[EXERCISE INPUTS — start]

(* Consider the Polytope Scheduling Problem with all jobs available at time $0$, fix $\delta>0$ and $\beta\in(0,1)$, assume every $p_j$ is an integer power of $1+\delta$ and all predictions are underestimates ($\hat p_j\le p_j$), and suppose a procedure computing $\alpha$-approximate $O(1)$-preemptive schedules is given. Then the total number of preemptions performed by the epoch-based framework with parameters $\beta,\delta$ is at most $$O\Big(\frac{1}{\beta\delta}\sum_j\Big(1+\log_2\frac{p_j}{\hat p_j}\Big)\Big).$$
   Context: Polytope Scheduling Problem (PSP): jobs $j=1,\dots,n$, all available at time $0$, with processing requirements $p_j$ unknown until completion, and known predictions $\hat p_j$. A matrix $B=[b_{dj}]\in\mathbb R_{\ge0}^{D\times n}$ defines $\mathcal P=\{y\in\mathbb R^n_{\ge0}:By\le\mathbf 1\}$. A schedule selects at each time $t$ rates $y(t)\in\mathcal P$ for the unfinished jobs; job $j$ completes when $\int_0^{C_j}y_j(t)\,dt\ge p_j$. The notion of preemption is specific to the concrete problem modeled by $\mathcal P$. An $\alpha$-approximate $O(1)$-preemptive schedule for a PSP schedule of length $l$ with fixed rates $\{y_j\}_{j\in J}$ is a schedule that gives each job $j$ at least $l y_j$ units of processing, has makespan at most $\alpha l$, and uses $O(1)$ preemptions per job. Framework with parameters $\beta,\delta$: proceeds in epochs $k=1,2,\dots$ starting at $e_k$ ($e_1=0$). Let $J_k$ be the unfinished jobs at $e_k$, $n_k=|J_k|$, and $q_j(t)$ the processing $j$ received by time $t$. At $e_k$: (1) compute $y^{(k)}$ maximizing $\sum_{j\in J_k}\log y_j$ subject to $\sum_{j\in J_k}b_{dj}y_j\le1$ for all $d$, $y\ge0$; (2) set $u_{j,k}=(1+\delta)^{h+1}-q_j(e_k)$ where $(1+\delta)^h\le\max\{q_j(e_k),\hat p_j\}<(1+\delta)^{h+1}$, $h$ integer; (3) let $l_k$ be the length of the shortest interval such that processing at rates $y^{(k)}$ for that length makes at least $\lceil\beta n_k\rceil$ jobs of $J_k$ receive $u_{j,k}$ units, and set $v_{j,k}=\min\{u_{j,k},l_ky^{(k)}_j\}$; (4) run, starting at $e_k$, an $\alpha$-approximate $O(1)$-preemptive schedule for $J_k$ with processing requirements $v_{j,k}$, which finishes by $e_{k+1}\le e_k+\alpha l_k$; then epoch $k+1$ begins. *)

theory Defs
  imports Complex_Main
begin

text \<open>Jobs are indexed by 0..n-1, constraint rows of B by 0..D-1; B d j is b_dj.
  Epochs are indexed from 0 (epoch k here is epoch k+1 of the paper).
  q k j is the processing job j has received by the start e k of epoch k.\<close>

definition unfinished :: "nat \<Rightarrow> (nat \<Rightarrow> real) \<Rightarrow> (nat \<Rightarrow> real) \<Rightarrow> nat set" where
  "unfinished n p qk = {j. j < n \<and> qk j < p j}"

definition feasible_rates :: "nat \<Rightarrow> (nat \<Rightarrow> nat \<Rightarrow> real) \<Rightarrow> nat set \<Rightarrow> (nat \<Rightarrow> real) \<Rightarrow> bool" where
  "feasible_rates D B S y \<longleftrightarrow> (\<forall>j\<in>S. 0 \<le> y j) \<and> (\<forall>d<D. (\<Sum>j\<in>S. B d j * y j) \<le> 1)"

text \<open>y maximizes sum_{j in S} log y_j over the feasible rates (vectors with a zero
  coordinate have objective -infinity, hence the positivity requirements).\<close>
definition log_optimal :: "nat \<Rightarrow> (nat \<Rightarrow> nat \<Rightarrow> real) \<Rightarrow> nat set \<Rightarrow> (nat \<Rightarrow> real) \<Rightarrow> bool" where
  "log_optimal D B S y \<longleftrightarrow>
     (\<forall>j\<in>S. 0 < y j) \<and> feasible_rates D B S y \<and>
     (\<forall>y'. (\<forall>j\<in>S. 0 < y' j) \<and> feasible_rates D B S y' \<longrightarrow>
            (\<Sum>j\<in>S. ln (y' j)) \<le> (\<Sum>j\<in>S. ln (y j)))"

definition shortest_length :: "real \<Rightarrow> nat set \<Rightarrow> (nat \<Rightarrow> real) \<Rightarrow> (nat \<Rightarrow> real) \<Rightarrow> real \<Rightarrow> bool" where
  "shortest_length \<beta> S y u l \<longleftrightarrow>
     0 \<le> l \<and> int (card {j\<in>S. u j \<le> l * y j}) \<ge> \<lceil>\<beta> * real (card S)\<rceil> \<and>
     (\<forall>l'. 0 \<le> l' \<and> l' < l \<longrightarrow> int (card {j\<in>S. u j \<le> l' * y j}) < \<lceil>\<beta> * real (card S)\<rceil>)"

text \<open>A run of the epoch framework with parameters beta, delta, using an
  alpha-approximate schedule procedure whose schedules preempt each job at most c times.
  The epoch schedule processes each job of S on requirement v k j (or until the job
  completes), finishes by e k + alpha * l k, and preempts job j exactly pi k j times.\<close>
definition framework_run ::
  "nat \<Rightarrow> nat \<Rightarrow> (nat \<Rightarrow> nat \<Rightarrow> real) \<Rightarrow> (nat \<Rightarrow> real) \<Rightarrow> (nat \<Rightarrow> real) \<Rightarrow> real \<Rightarrow> real \<Rightarrow> real \<Rightarrow> nat \<Rightarrow>
   (nat \<Rightarrow> nat \<Rightarrow> real) \<Rightarrow> (nat \<Rightarrow> nat \<Rightarrow> real) \<Rightarrow> (nat \<Rightarrow> nat \<Rightarrow> real) \<Rightarrow> (nat \<Rightarrow> real) \<Rightarrow>
   (nat \<Rightarrow> nat \<Rightarrow> real) \<Rightarrow> (nat \<Rightarrow> real) \<Rightarrow> (nat \<Rightarrow> nat \<Rightarrow> nat) \<Rightarrow> bool" where
  "framework_run n D B p ph \<beta> \<delta> \<alpha> c q y u l v e \<pi> \<longleftrightarrow>
     e 0 = 0 \<and> (\<forall>j<n. q 0 j = 0) \<and>
     (\<forall>k. let S = unfinished n p (q k) in
        log_optimal D B S (y k) \<and>
        (\<forall>j\<in>S. \<exists>h::int. (1 + \<delta>) powi h \<le> max (q k j) (ph j) \<and>
                          max (q k j) (ph j) < (1 + \<delta>) powi (h + 1) \<and>
                          u k j = (1 + \<delta>) powi (h + 1) - q k j) \<and>
        shortest_length \<beta> S (y k) (u k) (l k) \<and>
        (\<forall>j\<in>S. v k j = min (u k j) (l k * y k j)) \<and>
        (\<forall>j<n. q (Suc k) j = (if j \<in> S then min (p j) (q k j + v k j) else q k j)) \<and>
        e k \<le> e (Suc k) \<and> e (Suc k) \<le> e k + \<alpha> * l k \<and>
        (\<forall>j\<in>S. \<pi> k j \<le> c))"

text \<open>Preemptions performed in the first K epochs: those inside the epoch schedules, plus
  one for every job that is still unfinished at the end of an epoch (it is interrupted at
  the epoch boundary and resumed in a later epoch).\<close>
definition total_preemptions ::
  "nat \<Rightarrow> (nat \<Rightarrow> real) \<Rightarrow> (nat \<Rightarrow> nat \<Rightarrow> real) \<Rightarrow> (nat \<Rightarrow> nat \<Rightarrow> nat) \<Rightarrow> nat \<Rightarrow> nat" where
  "total_preemptions n p q \<pi> K =
     (\<Sum>k<K. (\<Sum>j\<in>unfinished n p (q k). \<pi> k j)
             + card (unfinished n p (q k) \<inter> unfinished n p (q (Suc k))))"

end

theory Submission
  imports Defs
begin

text \<open>A job advances in an epoch if it receives its full u_{j,k}, i.e. its processing reaches
  the next power of 1 + delta (or it completes). By the choice of l_k at least a beta fraction
  of the unfinished jobs advance in every epoch, and each unfinished job accounts for at most
  c + 1 preemptions per epoch (c inside the epoch schedule, one at its end), so the preemptions
  number at most (c + 1) / beta times the advances. Each advance raises the phase index h of step (2) by
  at least one, and h runs from the phase of ph_j up to the exponent of p_j, itself a power of
  1 + delta; so job j advances at most 2 + log_{1+delta} (p_j / ph_j) times, which is
  O((1 + log_2 (p_j / ph_j)) / delta).\<close>

lemma power_int_le_power_int_iff:
  fixes b :: "'a :: linordered_field"
  assumes "1 < b"
  shows "b powi m \<le> b powi n \<longleftrightarrow> m \<le> n"
  using assms power_int_increasing[of m n b] power_int_strict_increasing[of n m b]
  by (meson less_le_not_le linorder_le_less_linear order_less_imp_le)

lemma power_int_less_power_int_iff:
  fixes b :: "'a :: linordered_field"
  assumes "1 < b"
  shows "b powi m < b powi n \<longleftrightarrow> m < n"
  using power_int_le_power_int_iff[OF assms, of n m] by (simp add: not_le[symmetric])

lemma log_power_int [simp]:
  fixes b :: real
  assumes "0 < b" "b \<noteq> 1"
  shows "log b (b powi k) = k"
  using assms by (simp flip: powr_real_of_int')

[EXERCISE INPUTS — finish]

# WHAT YOU HAVE TO DO
Reproduce exactly the entries above, limited to the lines from the one with "at least one, and" through the one with "by (meson less_le_not_le", both included.

# YOUR SOLUTION
  at least one, and h runs from the phase of ph_j up to the exponent of p_j, itself a power of
  1 + delta; so job j advances at most 2 + log_{1+delta} (p_j / ph_j) times, which is
  O((1 + log_2 (p_j / ph_j)) / delta).\<close>

lemma power_int_le_power_int_iff:
  fixes b :: "'a :: linordered_field"
  assumes "1 < b"
  shows "b powi m \<le> b powi n \<longleftrightarrow> m \<le> n"
  using assms power_int_increasing[of m n b] power_int_strict_increasing[of n m b]
  by (meson less_le_not_le linorder_le_less_linear order_less_imp_le)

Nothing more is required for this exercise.